De nombreuses compétitions de break sont d’ailleurs organisées à l’échelle internationale. Cette danse a été présentée aux Jeux olympiques de la Jeunesse en 2018, à Buenos Aires. Il est même question qu’elle soit admise aux Jeux olympiques de 2024.

 

Similaire au break, la danse sociale qui a pris le nom de hip-hop à la fin des années 1980 comprend des mouvements qui rebondissent au rythme de la musique de même que des party moves, soit des gestes faciles à reproduire qui se partagent de façon virale. Aujourd’hui plus chorégraphié, le hip-hop était originellement une danse plus libre. Cette version nommée freestyle est d’ailleurs encore pratiquée aujourd’hui.

 

« Le freestyle, c’est spontané, ça vient naturellement, explique la chanteuse et danseuse Karina-Talia Olimpo. Je préfère ça à une chorégraphie précise qu’il faut apprendre et répéter. »

 

Les danses de l’ère funk

 

Cousins du hip-hop, d’autres styles de danse comme le popping et le locking ont été popularisés dans les années 1970 en lien avec le développement de la musique funk, un dynamique mélange de soul, de jazz et de R&B.

 

« Le popping comprend tous les mouvements robotiques, les ondulations avec le corps, alors que locking est un peu plus animé et caractérisé par des pointes et des sauts », explique Pierre-Michel Jean-Louis. 

 

« Locking » vient en fait du terme anglais lock, qui signifie verrouiller, puisqu’il consiste en des poses précises et tranchées dont l’un des mouvements principaux est le wrist roll (rotations rapides des poignets).

 

Moins connu, le waacking a quant à lui débuté dans les clubs disco fréquentés principalement par des Latinos, des Afro-Américains et des personnes LGBTQ+, pour permettre à ceux qui ne le pouvaient pas de s’exprimer et d’être eux-mêmes. Ces mouvements fluides et rapides des bras et des épaules tirent leur nom du terme anglais whack, soit l’action de frapper violemment.

 

Quand la popularité du disco s’est essoufflée, la house a pris le relais dans les clubs, à commencer par le Warehouse de Chicago, où le DJ précuseur du genre, Frankie Knuckles, se produisait.

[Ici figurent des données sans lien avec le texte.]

(* Let $X$ be a path-connected topological space admitting a universal cover, let $\mathfrak a\in H^1(X;\mathbb R)$ be represented by a singular one-cocycle $\alpha$, and let $G\subseteq\mathrm{Homeo}(X,\mathfrak a)$ be a subgroup on which the cocycles $\mathfrak G_{x,\alpha}$ and $\mathfrak G_{y,\alpha}$ are bounded, for some $x,y\in X$. Then the map $\mathfrak q\colon G\to\mathbb R$ defined by $$\mathfrak q(g):=\mathfrak K_\alpha(g)(y)-\mathfrak K_\alpha(g)(x)$$ is a quasimorphism on $G$, and $D(\mathfrak q)\le\|\mathfrak G_{x,\alpha}-\mathfrak G_{y,\alpha}\|\le\|\mathfrak G_{x,\alpha}\|+\|\mathfrak G_{y,\alpha}\|$, where $\|\cdot\|$ is the supremum norm on $G\times G$.
   Context: $\mathrm{Homeo}(X,\mathfrak a)$ is the group of homeomorphisms $g$ with $g^*\mathfrak a=\mathfrak a$. $\mathfrak G_{z,\alpha}(g,h)=\int_\gamma g^*\alpha-\alpha$ for $\gamma$ any path from $z$ to $hz$, where $\int_\gamma\sigma$ is the pairing of chain and cochain. For $g\in\mathrm{Homeo}(X,\mathfrak a)$, $\mathfrak K_\alpha(g)$ is a function $F\colon X\to\mathbb R$, defined up to additive constant, with $g^*\alpha-\alpha=\delta F$; so differences $\mathfrak K_\alpha(g)(y)-\mathfrak K_\alpha(g)(x)$ are well defined. The defect of $\mathfrak q\colon G\to\mathbb R$ is $D(\mathfrak q)=\sup_{g,h\in G}|\mathfrak q(g)-\mathfrak q(gh)+\mathfrak q(h)|$, and $\mathfrak q$ is a quasimorphism if $D(\mathfrak q)<\infty$. *)

theory Defs
  imports "HOL-Analysis.Analysis" "HOL-Homology.Homology" "HOL-Algebra.Bij"
begin

definition covering_map_top :: "'c topology \<Rightarrow> 'a topology \<Rightarrow> ('c \<Rightarrow> 'a) \<Rightarrow> bool" where
  "covering_map_top C X p \<equiv>
     continuous_map C X p \<and> p ` topspace C = topspace X \<and>
     (\<forall>x \<in> topspace X. \<exists>T. x \<in> T \<and> openin X T \<and>
        (\<exists>v. \<Union>v = topspace C \<inter> p -` T \<and> (\<forall>u \<in> v. openin C u) \<and> pairwise disjnt v \<and>
             (\<forall>u \<in> v. \<exists>q. homeomorphic_maps (subtopology C u) (subtopology X T) p q)))"

definition simply_connected_space :: "'c topology \<Rightarrow> bool" where
  "simply_connected_space C \<equiv> path_connected_space C \<and>
     (\<forall>l. pathin C l \<and> l 1 = l 0 \<longrightarrow>
        homotopic_with (\<lambda>r. r 1 = r 0) (subtopology euclideanreal {0..1}) C l (\<lambda>_. l 0))"

definition has_universal_cover :: "'c itself \<Rightarrow> 'a topology \<Rightarrow> bool" where
  "has_universal_cover _ X \<equiv> \<exists>(C :: 'c topology) p. covering_map_top C X p \<and> simply_connected_space C"

type_synonym 'a cochain = "((nat \<Rightarrow> real) \<Rightarrow> 'a) \<Rightarrow> real"

definition pairing :: "'a cochain \<Rightarrow> 'a chain \<Rightarrow> real" where
  "pairing \<alpha> c = (\<Sum>\<sigma> \<in> Poly_Mapping.keys c. real_of_int (poly_mapping.lookup c \<sigma>) * \<alpha> \<sigma>)"

text \<open>A 0-cochain given by a function on points: evaluate a singular 0-simplex at the
  unique point of the standard 0-simplex.\<close>
definition point_cochain :: "('a \<Rightarrow> real) \<Rightarrow> 'a cochain" where
  "point_cochain F = (\<lambda>\<tau>. F (\<tau> (\<lambda>i. if i = 0 then 1 else 0)))"

definition coboundary0 :: "('a \<Rightarrow> real) \<Rightarrow> 'a cochain" where
  "coboundary0 F = (\<lambda>\<sigma>. pairing (point_cochain F) (chain_boundary 1 (frag_of \<sigma>)))"

definition cocycle1 :: "'a topology \<Rightarrow> 'a cochain \<Rightarrow> bool" where
  "cocycle1 X \<alpha> \<longleftrightarrow> (\<forall>\<sigma>. singular_simplex 2 X \<sigma> \<longrightarrow> pairing \<alpha> (chain_boundary 2 (frag_of \<sigma>)) = 0)"

definition pullback1 :: "('a \<Rightarrow> 'a) \<Rightarrow> 'a cochain \<Rightarrow> 'a cochain" where
  "pullback1 g \<alpha> = (\<lambda>\<sigma>. \<alpha> (simplex_map 1 g \<sigma>))"

definition is_K :: "'a topology \<Rightarrow> 'a cochain \<Rightarrow> ('a \<Rightarrow> 'a) \<Rightarrow> ('a \<Rightarrow> real) \<Rightarrow> bool" where
  "is_K X \<alpha> g F \<longleftrightarrow> (\<forall>\<sigma>. singular_simplex 1 X \<sigma> \<longrightarrow> pullback1 g \<alpha> \<sigma> - \<alpha> \<sigma> = coboundary0 F \<sigma>)"

text \<open>\<open>Homeo(X, [\<alpha>])\<close>: homeomorphisms of X preserving the cohomology class of \<alpha>.\<close>
definition Homeo_class :: "'a topology \<Rightarrow> 'a cochain \<Rightarrow> ('a \<Rightarrow> 'a) set" where
  "Homeo_class X \<alpha> = {g. homeomorphic_map X X g \<and> (\<exists>F. is_K X \<alpha> g F)}"

text \<open>\<open>\<KK>\<^sub>\<alpha>(g)\<close>, a chosen primitive (defined up to an additive constant).\<close>
definition K_fun :: "'a topology \<Rightarrow> 'a cochain \<Rightarrow> ('a \<Rightarrow> 'a) \<Rightarrow> 'a \<Rightarrow> real" where
  "K_fun X \<alpha> g = (SOME F. is_K X \<alpha> g F)"

text \<open>Singular 1-simplex viewed as a path: it starts at the vertex e0 and ends at e1.\<close>
definition simplex_from_to :: "'a topology \<Rightarrow> 'a \<Rightarrow> 'a \<Rightarrow> ((nat \<Rightarrow> real) \<Rightarrow> 'a) \<Rightarrow> bool" where
  "simplex_from_to X a b \<sigma> \<longleftrightarrow> singular_simplex 1 X \<sigma> \<and>
     \<sigma> (\<lambda>i. if i = 0 then 1 else 0) = a \<and> \<sigma> (\<lambda>i. if i = 1 then 1 else 0) = b"

text \<open>\<open>\<GG>\<^sub>z\<^sub>,\<^sub>\<alpha>(g,h) = \<integral>\<^sub>\<gamma> g\<^sup>*\<alpha> - \<alpha>\<close> for a (chosen) path \<gamma> from z to h z.\<close>
definition G_cocycle :: "'a topology \<Rightarrow> 'a \<Rightarrow> 'a cochain \<Rightarrow> ('a \<Rightarrow> 'a) \<Rightarrow> ('a \<Rightarrow> 'a) \<Rightarrow> real" where
  "G_cocycle X z \<alpha> g h =
     (let \<gamma> = (SOME \<gamma>. simplex_from_to X z (h z) \<gamma>)
      in pairing (\<lambda>\<sigma>. pullback1 g \<alpha> \<sigma> - \<alpha> \<sigma>) (frag_of \<gamma>))"

definition sup_norm :: "('g set) \<Rightarrow> ('g \<Rightarrow> 'g \<Rightarrow> real) \<Rightarrow> real" where
  "sup_norm G f = (SUP p \<in> G \<times> G. \<bar>f (fst p) (snd p)\<bar>)"

definition bounded_on :: "('g set) \<Rightarrow> ('g \<Rightarrow> 'g \<Rightarrow> real) \<Rightarrow> bool" where
  "bounded_on G f \<longleftrightarrow> bdd_above ((\<lambda>p. \<bar>f (fst p) (snd p)\<bar>) ` (G \<times> G))"

definition defect :: "('g, 'b) monoid_scheme \<Rightarrow> ('g \<Rightarrow> real) \<Rightarrow> real" where
  "defect G q = (SUP p \<in> carrier G \<times> carrier G.
       \<bar>q (fst p) - q (fst p \<otimes>\<^bsub>G\<^esub> snd p) + q (snd p)\<bar>)"

definition quasimorphism :: "('g, 'b) monoid_scheme \<Rightarrow> ('g \<Rightarrow> real) \<Rightarrow> bool" where
  "quasimorphism G q \<longleftrightarrow> bdd_above ((\<lambda>p. \<bar>q (fst p) - q (fst p \<otimes>\<^bsub>G\<^esub> snd p) + q (snd p)\<bar>)
                               ` (carrier G \<times> carrier G))"

end

theory Submission imports Defs begin

text \<open>Evaluating the defining identity \<open>g\<^sup>*\<alpha> - \<alpha> = \<delta>\<KK>\<^sub>\<alpha>(g)\<close> on a path from \<open>z\<close> to \<open>h z\<close>
  gives \<open>\<GG>\<^sub>z\<^sub>,\<^sub>\<alpha>(g,h) = \<KK>\<^sub>\<alpha>(g)(h z) - \<KK>\<^sub>\<alpha>(g)(z)\<close>, and pulling a path back along \<open>h\<close> gives
  \<open>\<KK>\<^sub>\<alpha>(gh)(b) - \<KK>\<^sub>\<alpha>(gh)(a) = \<KK>\<^sub>\<alpha>(g)(h b) - \<KK>\<^sub>\<alpha>(g)(h a) + \<KK>\<^sub>\<alpha>(h)(b) - \<KK>\<^sub>\<alpha>(h)(a)\<close>.
  Together these yield the exact identity \<open>\<qq>(g) - \<qq>(gh) + \<qq>(h) = \<GG>\<^sub>x\<^sub>,\<^sub>\<alpha>(g,h) - \<GG>\<^sub>y\<^sub>,\<^sub>\<alpha>(g,h)\<close>,
  so the defect of \<open>\<qq>\<close> is the sup norm of \<open>\<GG>\<^sub>x\<^sub>,\<^sub>\<alpha> - \<GG>\<^sub>y\<^sub>,\<^sub>\<alpha>\<close>.\<close>

lemma pairing_frag_of: "pairing \<alpha> (frag_of a) = \<alpha> a"
  by (simp add: pairing_def)

lemma pairing_frag_of_diff: "pairing \<alpha> (frag_of a - frag_of b) = \<alpha> a - \<alpha> b"
proof -
  have "Poly_Mapping.keys (frag_of a - frag_of b) \<subseteq> {a, b}"
    by (auto simp: in_keys_iff lookup_minus lookup_single split: if_splits)
  then have "pairing \<alpha> (frag_of a - frag_of b)
      = (\<Sum>\<sigma>\<in>{a, b}. real_of_int (poly_mapping.lookup (frag_of a - frag_of b) \<sigma>) * \<alpha> \<sigma>)"
    unfolding pairing_def
    by (intro sum.mono_neutral_left) (auto simp: in_keys_iff)
  also have "\<dots> = \<alpha> a - \<alpha> b"
    by (cases "a = b") (auto simp: lookup_minus lookup_single)
  finally show ?thesis .
qed

lemma coboundary0_eq_endpoints:
  "coboundary0 F \<sigma> = F (\<sigma> (\<lambda>i. if i = 1 then 1 else 0)) - F (\<sigma> (\<lambda>i. if i = 0 then 1 else 0))"
proof -
  have "chain_boundary 1 (frag_of \<sigma>) = frag_of (singular_face 1 0 \<sigma>) - frag_of (singular_face 1 1 \<sigma>)"
    by (simp add: chain_boundary_def frag_cmul_minus_one)
  moreover have "simplical_face 0 (\<lambda>i::nat. if i = 0 then 1 else (0::real)) = (\<lambda>i. if i = 1 then 1 else 0)"
    and "simplical_face 1 (\<lambda>i::nat. if i = 0 then 1 else (0::real)) = (\<lambda>i. if i = 0 then 1 else 0)"
    by (auto simp: simplical_face_def)
  ultimately show ?thesis
    by (simp add: coboundary0_def pairing_frag_of_diff point_cochain_def singular_face_def)
qed

lemma simplex_from_to_exists:
  assumes "path_connected_space X" "a \<in> topspace X" "b \<in> topspace X"
  obtains \<sigma> where "simplex_from_to X a b \<sigma>"
proof -
  obtain \<gamma> where \<gamma>: "pathin X \<gamma>" "\<gamma> 0 = a" "\<gamma> 1 = b"
    using assms unfolding path_connected_space_def by blast
  define \<sigma> where "\<sigma> = restrict (\<lambda>v. \<gamma> (v 1)) (standard_simplex 1)"
  have "continuous_map (subtopology (powertop_real UNIV) (standard_simplex 1))
          (subtopology euclideanreal {0..1}) (\<lambda>v. v 1)"
    by (auto simp: continuous_map_in_subtopology standard_simplex_def
        intro!: continuous_map_from_subtopology continuous_map_product_projection)
  from continuous_map_compose[OF this \<gamma>(1)[unfolded pathin_def]]
  have "continuous_map (subtopology (powertop_real UNIV) (standard_simplex 1)) X \<sigma>"
    unfolding \<sigma>_def by (rule continuous_map_eq) auto
  then have "singular_simplex 1 X \<sigma>"
    by (simp add: singular_simplex_def \<sigma>_def)
  with \<gamma> have "simplex_from_to X a b \<sigma>"
    by (auto simp: simplex_from_to_def \<sigma>_def)
  then show thesis ..
qed

lemma is_K_K_fun:
  assumes "g \<in> Homeo_class X \<alpha>"
  shows "is_K X \<alpha> g (K_fun X \<alpha> g)"
  using assms someI_ex[of "is_K X \<alpha> g"] unfolding Homeo_class_def K_fun_def by blast

lemma is_K_simplex_from_to:
  assumes "simplex_from_to X a b \<sigma>" "is_K X \<alpha> g F"
  shows "pullback1 g \<alpha> \<sigma> - \<alpha> \<sigma> = F b - F a"
  using assms unfolding simplex_from_to_def is_K_def by (simp add: coboundary0_eq_endpoints)

lemma G_cocycle_eq_K_fun_diff:
  assumes "path_connected_space X" "z \<in> topspace X" "h z \<in> topspace X" "g \<in> Homeo_class X \<alpha>"
  shows "G_cocycle X z \<alpha> g h = K_fun X \<alpha> g (h z) - K_fun X \<alpha> g z"
proof -
  have "\<exists>\<gamma>. simplex_from_to X z (h z) \<gamma>"
    using simplex_from_to_exists[OF assms(1-3)] by blast
  then have "simplex_from_to X z (h z) (SOME \<gamma>. simplex_from_to X z (h z) \<gamma>)"
    by (rule someI_ex)
  from is_K_simplex_from_to[OF this is_K_K_fun[OF assms(4)]] show ?thesis
    unfolding G_cocycle_def Let_def pairing_frag_of .
qed

lemma K_fun_diff_compose:
  assumes "path_connected_space X" "a \<in> topspace X" "b \<in> topspace X"
    and g: "g \<in> Homeo_class X \<alpha>" and h: "h \<in> Homeo_class X \<alpha>"
    and gh: "compose (topspace X) g h \<in> Homeo_class X \<alpha>"
  shows "K_fun X \<alpha> (compose (topspace X) g h) b - K_fun X \<alpha> (compose (topspace X) g h) a
    = (K_fun X \<alpha> g (h b) - K_fun X \<alpha> g (h a)) + (K_fun X \<alpha> h b - K_fun X \<alpha> h a)"
proof -
  obtain \<sigma> where \<sigma>: "simplex_from_to X a b \<sigma>"
    using simplex_from_to_exists[OF assms(1-3)] .
  have \<sigma>_simplex: "singular_simplex 1 X \<sigma>"
    using \<sigma> by (simp add: simplex_from_to_def)
  have "continuous_map X X h"
    using h by (auto simp: Homeo_class_def homeomorphic_imp_continuous_map)
  then have h\<sigma>: "simplex_from_to X (h a) (h b) (simplex_map 1 h \<sigma>)"
    using \<sigma> singular_simplex_simplex_map[OF \<sigma>_simplex]
    by (simp add: simplex_from_to_def simplex_map_def)
  have "simplex_map 1 (compose (topspace X) g h) \<sigma> = simplex_map 1 (g \<circ> h) \<sigma>"
    using \<sigma>_simplex by (rule simplex_map_eq) (simp add: compose_def)
  then have "pullback1 (compose (topspace X) g h) \<alpha> \<sigma> - \<alpha> \<sigma>
      = (pullback1 g \<alpha> (simplex_map 1 h \<sigma>) - \<alpha> (simplex_map 1 h \<sigma>)) + (pullback1 h \<alpha> \<sigma> - \<alpha> \<sigma>)"
    by (simp add: pullback1_def simplex_map_compose)
  then show ?thesis
    using is_K_simplex_from_to[OF \<sigma> is_K_K_fun[OF gh]] is_K_simplex_from_to[OF h\<sigma> is_K_K_fun[OF g]]
      is_K_simplex_from_to[OF \<sigma> is_K_K_fun[OF h]]
    by simp
qed

lemma sup_norm_upper:
  assumes "bounded_on G f" "g \<in> G" "h \<in> G"
  shows "\<bar>f g h\<bar> \<le> sup_norm G f"
  using assms cSUP_upper[of "(g, h)" "G \<times> G" "\<lambda>p. \<bar>f (fst p) (snd p)\<bar>"]
  by (simp add: bounded_on_def sup_norm_def)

Ce courant musical proche du funk se caractérise par un tempo rapide et des sons générés électroniquement, avec des extraits de chansons mis en boucle à l’aide de deux tables tournantes.

 

La danse associée à la house est, comme beaucoup d’autres genres, un exutoire pour ses adeptes. « Aujourd’hui, elle a pris beaucoup d’ampleur, mais elle reste principalement une danse de club », observe Pierre-Michel Jean-Louis.

 

Tous ces genres et sous-genres seront dignement représentés lors du Block Party des 3 et 4 mai, à la Place des Arts.